Envoyer une candidature dès qu'une offre est en ligne, c'est une chose. Savoir combien de temps l'employeur va mettre pour répondre en est une autre. Au bout d'une semaine sans nouvelles, on se dit que le recruteur est peut-être débordé. Après deux semaines, on se dit clairement que c'est mort... Et pourtant, les entreprises françaises sont loin de boucler tous leurs recrutements en quelques jours.
Les nouvelles données de France Travail sur le sujet apportent un éclairage qui va peut-être rassurer tous ceux qui sont actuellement en recherche d'un emploi et tombent dans le désespoir sans signe de vie rapide. Entre le tri des candidatures, les entretiens, les validations en interne et parfois les congés de la personne qui doit justement donner son feu vert, une embauche peut facilement traîner en longueur.
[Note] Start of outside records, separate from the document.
lemma direct_limit_iso_iff:
  "mod_iso (dl_carrier a) (dl_add a) (dl_smul a) N addN smulN
    \<longleftrightarrow> mod_iso (Gamma a) (+) (*) N addN smulN"
  using mod_iso_trans[OF Gamma_iso_direct_limit]
    mod_iso_trans[OF mod_iso_sym[OF Gamma_iso_direct_limit]] Gamma_add Gamma_mult
  by blast

section \<open>Reduced rings\<close>

lemma reduced_ring_iff_one_in_Gamma:
  "reduced_ring (R :: 'a::comm_ring_1 itself) \<longleftrightarrow> (\<forall>x::'a. 1 \<in> Gamma x \<longrightarrow> x = 0)"
proof
  assume "reduced_ring R"
  then show "\<forall>x::'a. 1 \<in> Gamma x \<longrightarrow> x = 0" unfolding reduced_ring_def Gamma_def by auto
next
  assume one: "\<forall>x::'a. 1 \<in> Gamma x \<longrightarrow> x = 0"
  show "reduced_ring R" unfolding reduced_ring_def
  proof (intro allI impI)
    fix x :: 'a and n assume "x ^ n = 0"
    show "x = 0"
    proof (cases n)
      case 0
      then have "(1::'a) = 0" using \<open>x ^ n = 0\<close> by simp
      then show ?thesis by (metis mult_1_right mult_zero_right)
    next
      case (Suc m)
      then have "1 \<in> Gamma x" unfolding Gamma_def using \<open>x ^ n = 0\<close> by auto
      then show ?thesis using one by blast
    qed
  qed
qed

lemma reduced_ring_annih_power:
  assumes "reduced_ring (R :: 'a::comm_ring_1 itself)" "k \<ge> 1"
  shows "annih (a::'a) k = annih a 1"
proof
  show "annih a 1 \<subseteq> annih a k" using annih_mono[OF assms(2)] .
  show "annih a k \<subseteq> annih a 1"
  proof
    fix r assume "r \<in> annih a k"
    have "(a * r) ^ k = (a ^ k * r) * r ^ (k - 1)"
      using assms(2) by (simp add: power_mult_distrib mult.assoc flip: power_Suc)
    also have "\<dots> = 0" using \<open>r \<in> annih a k\<close> unfolding annih_def by simp
    finally show "r \<in> annih a 1"
      using assms(1) unfolding reduced_ring_def annih_def by auto
  qed
qed

lemma reduced_ring_Gamma_eq_annih:
  "reduced_ring (R :: 'a::comm_ring_1 itself) \<Longrightarrow> Gamma (a::'a) = annih a 1"
  using reduced_ring_annih_power mem_Gamma_iff by blast

lemma reduced_ring_iff_mult_Gamma_eq_zero:
  "reduced_ring (R :: 'a::comm_ring_1 itself) \<longleftrightarrow> (\<forall>a::'a. {a * r | r. r \<in> Gamma a} = {0})"
proof
  assume "reduced_ring R"
  then have "Gamma a = annih a 1" for a :: 'a by (rule reduced_ring_Gamma_eq_annih)
  then show "\<forall>a::'a. {a * r | r. r \<in> Gamma a} = {0}"
    unfolding annih_def by (auto intro!: exI[of _ 0])
next
  assume zero: "\<forall>a::'a. {a * r | r. r \<in> Gamma a} = {0}"
  have "x = 0" if "1 \<in> Gamma x" for x :: 'a
  proof -
    have "x * 1 \<in> {x * r | r. r \<in> Gamma x}" using that by blast
    then show ?thesis using zero by simp
  qed
  then show "reduced_ring R" using reduced_ring_iff_one_in_Gamma by blast
qed

lemma reduced_ring_iff_annih_power_eq:
  "reduced_ring (R :: 'a::comm_ring_1 itself)
    \<longleftrightarrow> (\<forall>a::'a. \<forall>k. k \<ge> 1 \<longrightarrow> annih a 1 = annih a k)"
proof
  assume red: "reduced_ring R"
  show "\<forall>a::'a. \<forall>k. k \<ge> 1 \<longrightarrow> annih a 1 = annih a k"
  proof (intro allI impI)
    fix a :: 'a and k :: nat assume "k \<ge> 1"
    show "annih a 1 = annih a k" by (rule sym, rule reduced_ring_annih_power[OF red \<open>k \<ge> 1\<close>])
  qed
next
  assume eq: "\<forall>a::'a. \<forall>k. k \<ge> 1 \<longrightarrow> annih a 1 = annih a k"
  have "x = 0" if nil: "1 \<in> Gamma x" for x :: 'a
  proof -
    obtain k where "k \<ge> 1" "1 \<in> annih x k" using nil unfolding mem_Gamma_iff by blast
    then have "1 \<in> annih x 1" using eq[rule_format, OF \<open>k \<ge> 1\<close>] by simp
    then show ?thesis unfolding annih_def by simp
  qed
  then show "reduced_ring R" using reduced_ring_iff_one_in_Gamma by blast
qed

text \<open>A linear map on \<open>Gamma x \<ni> 1\<close> sends \<open>x = x * 1\<close> to \<open>x\<close> times an element of
  \<open>HomQ x 1\<close>, which \<open>x\<close> kills; so it sends \<open>x\<close> and \<open>0\<close> to the same map.\<close>

lemma Gamma_iso_HomQ_imp_zero:
  assumes "mod_iso (Gamma x) (+) (*) (HomQ x 1) hom_add hom_smul" "1 \<in> Gamma x"
  shows "x = 0"
proof -
  obtain f where f: "bij_betw f (Gamma x) (HomQ x 1)"
    "\<forall>r. \<forall>y\<in>Gamma x. f (r * y) = hom_smul r (f y)"
    using assms(1) unfolding mod_iso_def by blast
  have "f 1 \<in> HomQ x 1" using f(1) assms(2) bij_betwE by blast
  have "f (x * 1) = hom_smul (x ^ 1) (f 1)" using f(2) assms(2) by (simp only: power_one_right)
  then have fx: "f x = (\<lambda>_. 0)" using hom_smul_power_HomQ[OF \<open>f 1 \<in> HomQ x 1\<close>] by simp
  have "f (0 * 1) = hom_smul 0 (f 1)" using f(2) assms(2) by blast
  then have f0: "f 0 = (\<lambda>_. 0)" by (simp add: hom_smul_def)
  have "x \<in> Gamma x" "0 \<in> Gamma x"
    using Gamma_mult[OF assms(2), of x] Gamma_mult[OF assms(2), of 0] by simp_all
  then show ?thesis using inj_onD[OF bij_betw_imp_inj_on[OF f(1)]] fx f0 by simp
qed

lemma reduced_ring_iff_Gamma_iso_HomQ:
  "reduced_ring (R :: 'a::comm_ring_1 itself)
    \<longleftrightarrow> (\<forall>a::'a. mod_iso (Gamma a) (+) (*) (HomQ a 1) hom_add hom_smul)"
proof
  assume "reduced_ring R"
  then show "\<forall>a::'a. mod_iso (Gamma a) (+) (*) (HomQ a 1) hom_add hom_smul"
    by (simp add: reduced_ring_Gamma_eq_annih annih_iso_HomQ)
next
  assume "\<forall>a::'a. mod_iso (Gamma a) (+) (*) (HomQ a 1) hom_add hom_smul"
  then show "reduced_ring R"
    unfolding reduced_ring_iff_one_in_Gamma using Gamma_iso_HomQ_imp_zero by blast
qed

lemma ses_Gamma_iff: "ses_Gamma a \<longleftrightarrow> Gamma a = annih a 1"
  unfolding ses_Gamma_def annih_def by auto

lemma reduced_ring_iff_ses_Gamma:
  "reduced_ring (R :: 'a::comm_ring_1 itself) \<longleftrightarrow> (\<forall>a::'a. ses_Gamma a)"
proof
  assume "reduced_ring R"
  then show "\<forall>a::'a. ses_Gamma a" by (simp add: ses_Gamma_iff reduced_ring_Gamma_eq_annih)
next
  assume "\<forall>a::'a. ses_Gamma a"
  then have "x = 0" if "1 \<in> Gamma x" for x :: 'a
    using that by (simp add: ses_Gamma_iff annih_def)
  then show "reduced_ring R" unfolding reduced_ring_iff_one_in_Gamma by blast
qed

theorem mainTheorem3:
  fixes R :: "'a::comm_ring_1 itself"
  defines "P1 \<equiv> reduced_ring R"
      and "P2 \<equiv> (\<forall>a::'a. {a * r | r. r \<in> Gamma a} = {0})"
      and "P3 \<equiv> (\<forall>a::'a. \<forall>k::nat. k \<ge> 1 \<longrightarrow> annih a 1 = annih a k)"
      and "P4 \<equiv> (\<forall>a::'a. mod_iso (dl_carrier a) (dl_add a) (dl_smul a)
                                   (HomQ a 1) hom_add hom_smul)"
      and "P5 \<equiv> (\<forall>a::'a. mod_iso (Gamma a) (+) (*) (HomQ a 1) hom_add hom_smul)"
      and "P6 \<equiv> (\<forall>a::'a. ses_Gamma a)"
  shows "(P1 \<longleftrightarrow> P2) \<and> (P1 \<longleftrightarrow> P3) \<and> (P1 \<longleftrightarrow> P4) \<and> (P1 \<longleftrightarrow> P5) \<and> (P1 \<longleftrightarrow> P6)"
proof -
  have "P1 \<longleftrightarrow> P2" unfolding P1_def P2_def by (rule reduced_ring_iff_mult_Gamma_eq_zero)
  moreover have "P1 \<longleftrightarrow> P3" unfolding P1_def P3_def by (rule reduced_ring_iff_annih_power_eq)
  moreover have "P1 \<longleftrightarrow> P5" unfolding P1_def P5_def by (rule reduced_ring_iff_Gamma_iso_HomQ)
  moreover have "P4 \<longleftrightarrow> P5" unfolding P4_def P5_def by (simp only: direct_limit_iso_iff)
  moreover have "P1 \<longleftrightarrow> P6" unfolding P1_def P6_def by (rule reduced_ring_iff_ses_Gamma)
  ultimately show ?thesis by blast
qed

end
Alors, combien de temps faut-il continuer à espérer ? Le nouveau repère donné par France Travail est assez parlant : en 2025, la moitié des recrutements ont été réalisés en moins de 48 jours, soit presque sept semaines. C'est deux jours de plus qu'en 2024. Il s'agit bien d'un délai médian de recrutement et non du temps exact nécessaire pour répondre à chaque CV : un candidat peut recevoir un refus dès le lendemain ou une proposition plusieurs semaines plus tard. Mais une fois cette barre dépassée, une bonne partie des recrutements sont déjà terminés.
Dans les faits, il n'est évidemment pas nécessaire d'attendre 48 jours pour agir. Après un entretien, si le recruteur avait promis une réponse "en début de semaine prochaine" et que le jeudi suivant commence sérieusement à pointer son nez, une relance courte et polie est parfaitement légitime.
Et, tant qu'aucun contrat ou engagement ferme n'est sur la table, mieux vaut continuer à répondre à d'autres annonces en parallèle. C'est probablement le meilleur moyen d'éviter le grand classique de la recherche d'emploi : attendre pendant des semaines une entreprise qui, de son côté, est déjà passée à autre chose sans parfois avoir eu l'élégance de vous le dire.